The reason for this destination was Matt - Andrew’s nephew / cousin to our children. He lives there with his lovely wife Paula and their two incredibly sweet children Olivia & Zoe. He was a championship sponsored surfer and has surfed the world over – his favourite breaks in Indonesia where he worked on a surf boat as a chef. But now with a family, he tells me Margaret River and the Cape Leewin-Naturaliste Coastline is just about the best place a surfer can be to raise a family and still hit the big surf daily. It is one of the world’s top 5 surf spots with very powerful & consistent reef breaks on coastlines facing north, west & south. It was fabulous to spend some time with Matt & his family and we really appreciated their hospitality - though Matt was amused by, & kept ribbing me, for my English accent and sayings! Crikey
There is such a buzz about this area with so many opportunities
to be had... the government is supporting new businesses in a big way and providing very generous loans for building new houses and there are building plots springing up all over (none of this cramming houses into back gardens and brown field sites we are familiar with). Matt & Paula’s house is one of these, built of concrete to retain the heat in winter and keep cool in summer. Paula is also a trained chef and so the food offered to us during our visit was a gourmet delight! We really admired their hard work, each running their own business, and gorgeous family.
Matt usually rises early to surf, sometimes for 3 hours, before work; he speaks about the water as if it a living creature and he knows the coastline inside out and where to head off to get that ultimate break! Kindly, he was able to give Ellen, Michelle & Adam a lesson - they were ‘stoked’ as a surfer would say! The surf we saw was ‘epic’ to speak the lingo again! Having done a MSc in Oceanography I was enthralled by the waves and sat for a long time gazing at them, and also got
slightly carried away with the camera. This coastline is also the southernmost point for corals and tropical fish.

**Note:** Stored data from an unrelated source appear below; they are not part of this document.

definition edge_in_unique_triangle :: "'a set \<Rightarrow> ('a \<Rightarrow> 'a \<Rightarrow> bool) \<Rightarrow> bool" where
  "edge_in_unique_triangle V adj \<longleftrightarrow>
     (\<forall>x y. adj x y \<longrightarrow> card {z \<in> V. adj x z \<and> adj y z} = 1)"

definition K3K3_V :: "(nat \<times> nat) set" where
  "K3K3_V = {0..2} \<times> {0..2}"

definition K3K3_adj :: "nat \<times> nat \<Rightarrow> nat \<times> nat \<Rightarrow> bool" where
  "K3K3_adj p q \<longleftrightarrow> (fst p = fst q \<and> snd p \<noteq> snd q) \<or> (snd p = snd q \<and> fst p \<noteq> fst q)"

definition graph_iso :: "'a set \<Rightarrow> ('a \<Rightarrow> 'a \<Rightarrow> bool) \<Rightarrow> 'b set \<Rightarrow> ('b \<Rightarrow> 'b \<Rightarrow> bool) \<Rightarrow> bool" where
  "graph_iso V adj W adj' \<longleftrightarrow>
     (\<exists>f. bij_betw f V W \<and> (\<forall>x\<in>V. \<forall>y\<in>V. adj x y \<longleftrightarrow> adj' (f x) (f y)))"

end

theory Submission
  imports Defs
begin

text \<open>If every edge lies in exactly one triangle, the neighbourhood of a vertex x of a quartic
graph consists of two disjoint edges a b and c d, so x lies in exactly two triangles and
curvature sharpness says \<open>\<Gamma>\<^sub>2 \<ge> 5/2 \<Gamma>\<close> at x. Writing \<open>4 \<Gamma>\<^sub>2(f)(x)\<close> as a sum of squared second
differences \<open>f(z) - 2 f(y) + f(x)\<close> along paths x y z, the test function which is 0 at x, 1 on
a and b, -1 on c and d and 2 at a further neighbour z of a violates this inequality unless z
is adjacent to c or d. Hence the neighbours of a, b, c, d close up into nine vertices forming
the grid K3 \<times> K3, and connectedness leaves no room for further vertices.\<close>

lemma Gam_eq_sum:
  "Gam V adj f g x = (\<Sum>y\<in>nbrs V adj x. (f y - f x) * (g y - g x)) / 2"
proof -
  have "(\<Sum>y\<in>nbrs V adj x. (f y - f x) * (g y - g x)) =
        (\<Sum>y\<in>nbrs V adj x. (f y * g y - f x * g x) - f x * (g y - g x) - g x * (f y - f x))"
    by (rule sum.cong) (auto simp: algebra_simps)
  also have "\<dots> = lap V adj (\<lambda>z. f z * g z) x - f x * lap V adj g x - g x * lap V adj f x"
    unfolding lap_def by (simp add: sum_subtractf sum_distrib_left right_diff_distrib)
  finally show ?thesis unfolding Gam_def by simp
qed

lemma Gam_self_eq: "2 * Gam V adj f f x = (\<Sum>y\<in>nbrs V adj x. (f y - f x)\<^sup>2)"
  unfolding Gam_eq_sum by (simp add: power2_eq_square)

lemma Gam_self_nonneg: "0 \<le> Gam V adj f f x"
  using Gam_self_eq[of V adj f x] sum_nonneg[of "nbrs V adj x" "\<lambda>y. (f y - f x)\<^sup>2"] by simp

lemma nbrs_eq_Int: "nbrs V adj x = V \<inter> Collect (adj x)"
  by (auto simp: nbrs_def)

lemma connected_graph_closed_eq:
  assumes "connected_graph V adj" "B \<subseteq> V" "x \<in> B" "\<And>y. y \<in> B \<Longrightarrow> nbrs V adj y \<subseteq> B"
  shows "B = V"
proof
  show "V \<subseteq> B"
  proof
    fix w assume "w \<in> V"
    then have "(\<lambda>u v. u \<in> V \<and> v \<in> V \<and> adj u v)\<^sup>*\<^sup>* x w"
      using assms(1-3) unfolding connected_graph_def by blast
    then show "w \<in> B"
    proof (induction rule: rtranclp_induct)
      case base
      show ?case using assms(3) .
    next
      case (step y z)
      then have "z \<in> nbrs V adj y" unfolding nbrs_def by simp
      then show ?case using assms(4) step.IH by blast
    qed
  qed
qed (rule assms(2))

lemma graph_iso_if_bij_betw:
  assumes bij: "bij_betw g W V" and adj: "\<And>i j. i \<in> W \<Longrightarrow> j \<in> W \<Longrightarrow> adj (g i) (g j) \<longleftrightarrow> adj' i j"
  shows "graph_iso V adj W adj'"
proof -
  have "adj y z \<longleftrightarrow> adj' (inv_into W g y) (inv_into W g z)" if "y \<in> V" "z \<in> V" for y z
    using adj[of "inv_into W g y" "inv_into W g z"] that bij
    by (auto simp: bij_betw_def f_inv_into_f inv_into_into)
  then show ?thesis unfolding graph_iso_def using bij_betw_inv_into[OF bij] by blast
qed

definition locally_surjective ::
    "('b \<Rightarrow> 'a) \<Rightarrow> 'b set \<Rightarrow> ('b \<Rightarrow> 'b \<Rightarrow> bool) \<Rightarrow> 'a set \<Rightarrow> ('a \<Rightarrow> 'a \<Rightarrow> bool) \<Rightarrow> bool" where
  "locally_surjective h W adj' V adj \<longleftrightarrow>
     (\<forall>i\<in>W. h i \<in> V \<and> nbrs V adj (h i) = h ` nbrs W adj' i)"

lemma K3K3_V_eq: "K3K3_V = {(0,0), (0,1), (0,2), (1,0), (1,1), (1,2), (2,0), (2,1), (2,2)}"
proof -
  have "{0..2::nat} = {0, 1, 2}" by auto
  then show ?thesis unfolding K3K3_V_def by auto
qed

lemma nbrs_K3K3:
  "nbrs K3K3_V K3K3_adj (0,0) = {(0,1), (0,2), (1,0), (2,0)}"
  "nbrs K3K3_V K3K3_adj (0,1) = {(0,0), (0,2), (1,1), (2,1)}"
  "nbrs K3K3_V K3K3_adj (0,2) = {(0,0), (0,1), (1,2), (2,2)}"
  "nbrs K3K3_V K3K3_adj (1,0) = {(0,0), (1,1), (1,2), (2,0)}"
  "nbrs K3K3_V K3K3_adj (1,1) = {(0,1), (1,0), (1,2), (2,1)}"
  "nbrs K3K3_V K3K3_adj (1,2) = {(0,2), (1,0), (1,1), (2,2)}"
  "nbrs K3K3_V K3K3_adj (2,0) = {(0,0), (1,0), (2,1), (2,2)}"
  "nbrs K3K3_V K3K3_adj (2,1) = {(0,1), (1,1), (2,0), (2,2)}"
  "nbrs K3K3_V K3K3_adj (2,2) = {(0,2), (1,2), (2,0), (2,1)}"
  by (simp_all only: nbrs_eq_Int K3K3_V_eq Int_insert_left Int_empty_left)
    (simp_all add: K3K3_adj_def)

lemma card_nbrs_K3K3:
  assumes "i \<in> K3K3_V"
  shows "card (nbrs K3K3_V K3K3_adj i) = 4"
proof -
  have "i \<in> {(0,0), (0,1), (0,2), (1,0), (1,1), (1,2), (2,0), (2,1), (2,2)}"
    using assms by (simp add: K3K3_V_eq)
  then show ?thesis by (elim insertE emptyE) (simp_all add: nbrs_K3K3[simplified])
qed

lemma K3K3_common_nbr:
  assumes "i \<in> K3K3_V" "j \<in> K3K3_V" "i \<noteq> j" "\<not> K3K3_adj i j"
  shows "\<exists>k\<in>K3K3_V. i \<in> nbrs K3K3_V K3K3_adj k \<and> j \<in> nbrs K3K3_V K3K3_adj k"
proof (intro bexI conjI)
  show "(fst i, snd j) \<in> K3K3_V" using assms(1,2) by (auto simp: K3K3_V_def)
  show "i \<in> nbrs K3K3_V K3K3_adj (fst i, snd j)" "j \<in> nbrs K3K3_V K3K3_adj (fst i, snd j)"
    using assms by (auto simp: nbrs_def K3K3_adj_def prod_eq_iff)
qed

definition two_triangle_test :: "'a \<Rightarrow> 'a \<Rightarrow> 'a \<Rightarrow> 'a \<Rightarrow> 'a \<Rightarrow> 'a \<Rightarrow> 'a \<Rightarrow> real" where
  "two_triangle_test x a b c d z v =
     (if v = x then 0 else if v \<in> {a, b} then 1 else if v \<in> {c, d} then -1
      else if v = z then 2 else 0)"

locale regular_graph =
  fixes V :: "'a set" and adj :: "'a \<Rightarrow> 'a \<Rightarrow> bool" and D :: nat
  assumes simple: "simple_graph V adj"
    and regular: "regular V adj D"
begin

abbreviation N :: "'a \<Rightarrow> 'a set" where "N \<equiv> nbrs V adj"

lemma adj_in_V: "adj x y \<Longrightarrow> x \<in> V \<and> y \<in> V"
  using simple unfolding simple_graph_def by blast

lemma adj_sym: "adj x y \<Longrightarrow> adj y x"
  using simple unfolding simple_graph_def by blast

lemma not_adj_self [simp]: "\<not> adj x x"
  using simple unfolding simple_graph_def by blast

lemma mem_nbrs_iff [simp]: "y \<in> N x \<longleftrightarrow> adj x y"
  using adj_in_V unfolding nbrs_def by blast

lemma finite_nbrs [simp]: "finite (N x)"
proof (cases "x \<in> V")
  case True
  then show ?thesis using regular unfolding regular_def by blast
next
  case False
  then have "N x = {}" using adj_in_V by auto
  then show ?thesis by simp
qed

lemma card_nbrs: "x \<in> V \<Longrightarrow> card (N x) = D"
  using regular unfolding regular_def by blast

lemma Gam2_self_eq:
  assumes x: "x \<in> V"
  shows "4 * Gam2 V adj f f x = (\<Sum>y\<in>N x. \<Sum>z\<in>N y. (f z - 2 * f y + f x)\<^sup>2)
      - 2 * real D * (\<Sum>y\<in>N x. (f y - f x)\<^sup>2) + 2 * (\<Sum>y\<in>N x. f y - f x)\<^sup>2"
proof -
  define L where "L = lap V adj f"
  define A where "A y = (\<Sum>z\<in>N y. (f z - f y)\<^sup>2)" for y
  define C where "C y = (\<Sum>z\<in>N y. (f z - 2 * f y + f x)\<^sup>2)" for y
  have L: "L y = (\<Sum>z\<in>N y. f z - f y)" for y
    unfolding L_def lap_def by simp
  have C: "C y = A y - 2 * (f y - f x) * L y + real D * (f y - f x)\<^sup>2" if "y \<in> N x" for y
  proof -
    have "C y = (\<Sum>z\<in>N y. (f z - f y)\<^sup>2 - 2 * (f y - f x) * (f z - f y) + (f y - f x)\<^sup>2)"
      unfolding C_def by (rule sum.cong) (auto simp: power2_eq_square algebra_simps)
    also have "\<dots> = A y - 2 * (f y - f x) * L y + real (card (N y)) * (f y - f x)\<^sup>2"
      unfolding A_def L by (simp add: sum_subtractf sum.distrib sum_distrib_left right_diff_distrib)
    finally show ?thesis
      using that card_nbrs adj_in_V by simp
  qed
  have sum_C: "(\<Sum>y\<in>N x. C y) = (\<Sum>y\<in>N x. A y) - 2 * (\<Sum>y\<in>N x. (f y - f x) * L y)
      + real D * (\<Sum>y\<in>N x. (f y - f x)\<^sup>2)"
  proof -
    have "(\<Sum>y\<in>N x. C y) = (\<Sum>y\<in>N x. A y - 2 * ((f y - f x) * L y) + real D * (f y - f x)\<^sup>2)"
      by (rule sum.cong) (auto simp: C)
    then show ?thesis by (simp add: sum_subtractf sum.distrib sum_distrib_left)
  qed
  have lap_Gam: "2 * lap V adj (\<lambda>z. Gam V adj f f z) x = (\<Sum>y\<in>N x. A y) - real D * A x"
  proof -
    have "2 * lap V adj (\<lambda>z. Gam V adj f f z) x = (\<Sum>y\<in>N x. A y - A x)"
      unfolding lap_def sum_distrib_left
      by (rule sum.cong) (auto simp: Gam_self_eq A_def right_diff_distrib)
    then show ?thesis using card_nbrs[OF x] by (simp add: sum_subtractf)
  qed
  have Gam_L: "2 * Gam V adj f L x = (\<Sum>y\<in>N x. (f y - f x) * L y) - L x * L x"
  proof -
    have "2 * Gam V adj f L x = (\<Sum>y\<in>N x. (f y - f x) * L y - L x * (f y - f x))"
      unfolding Gam_eq_sum by (simp, rule sum.cong) (auto simp: algebra_simps)
    also have "\<dots> = (\<Sum>y\<in>N x. (f y - f x) * L y) - L x * (\<Sum>y\<in>N x. f y - f x)"
      unfolding sum_distrib_left sum_subtractf[symmetric] by simp
    finally show ?thesis using L[of x] by simp
  qed
  have "4 * Gam2 V adj f f x = 2 * lap V adj (\<lambda>z. Gam V adj f f z) x - 2 * (2 * Gam V adj f L x)"
    unfolding Gam2_def L_def Gam_eq_sum by (simp add: mult.commute)
  also have "\<dots> = (\<Sum>y\<in>N x. C y) - 2 * real D * (\<Sum>y\<in>N x. (f y - f x)\<^sup>2) + 2 * (L x)\<^sup>2"
    unfolding lap_Gam Gam_L sum_C by (simp add: A_def power2_eq_square algebra_simps)
  finally show ?thesis unfolding C_def L by simp
qed

lemma Gam2_self_ge:
  assumes x: "x \<in> V"
  shows "(2 - real D) * Gam V adj f f x \<le> Gam2 V adj f f x"
proof -
  have "(\<Sum>y\<in>N x. 4 * (f y - f x)\<^sup>2) \<le> (\<Sum>y\<in>N x. \<Sum>z\<in>N y. (f z - 2 * f y + f x)\<^sup>2)"
  proof (rule sum_mono)
    fix y assume "y \<in> N x"
    then have "x \<in> N y" using adj_sym by simp
    then have "(f x - 2 * f y + f x)\<^sup>2 \<le> (\<Sum>z\<in>N y. (f z - 2 * f y + f x)\<^sup>2)"
      by (intro member_le_sum) auto
    then show "4 * (f y - f x)\<^sup>2 \<le> (\<Sum>z\<in>N y. (f z - 2 * f y + f x)\<^sup>2)"
      by (simp add: power2_eq_square algebra_simps)
  qed
  then have "4 * (\<Sum>y\<in>N x. (f y - f x)\<^sup>2) \<le> (\<Sum>y\<in>N x. \<Sum>z\<in>N y. (f z - 2 * f y + f x)\<^sup>2)"
    by (simp add: sum_distrib_left)
  moreover have "0 \<le> 2 * (\<Sum>y\<in>N x. f y - f x)\<^sup>2" by simp
  ultimately have "(4 - 2 * real D) * (\<Sum>y\<in>N x. (f y - f x)\<^sup>2) \<le> 4 * Gam2 V adj f f x"
    unfolding Gam2_self_eq[OF x] left_diff_distrib by linarith
  then show ?thesis unfolding Gam_self_eq[symmetric] by (simp add: algebra_simps)
qed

The beaches are second to none with beautiful clear water and a back drop of endless blue skies and stunning native bush land. It is a diversity hotspot with amazing range of flora and fauna - including the deadliest 5 snakes in the world as a tour guide pointed out when he advised me to check the ‘dunny’ before Adam went! The area is also well known for the magnificent karri & jarrah trees, but once more there is a sad history as many of these great statuesque trees were felled and shipped back to the UK for use in train lines. We got to drive through the scenic Boranup Forest which is a national park protecting some of the remaining great forests, but did not get down to the real giant trees of the south of the region (on the map the area looked like the size of Cornwall but is actually the size of England, so just a bit out of our reach on this day trip!) – we will save those for another time. But what we did
get to see was beautiful and eerily peaceful, with a bonus being the temperatures were 10 o
cooler than in the open, meaning a respite of 29o
instead of 39o
! This area, as is most of Australia, is subject to frequent bush fires and you may remember those in the Marg River area shown on UK late last year – we drove through these areas, they were actually a result of uncontrolled controlled-burring! The areas are vast but it is reassuring o see the resilient ancient plants that soon spring up – typically the first to do this seem to be the ‘grass trees’ . Inland there are rolling hills with historic homesteads and charming little towns with a very laid back feel to them.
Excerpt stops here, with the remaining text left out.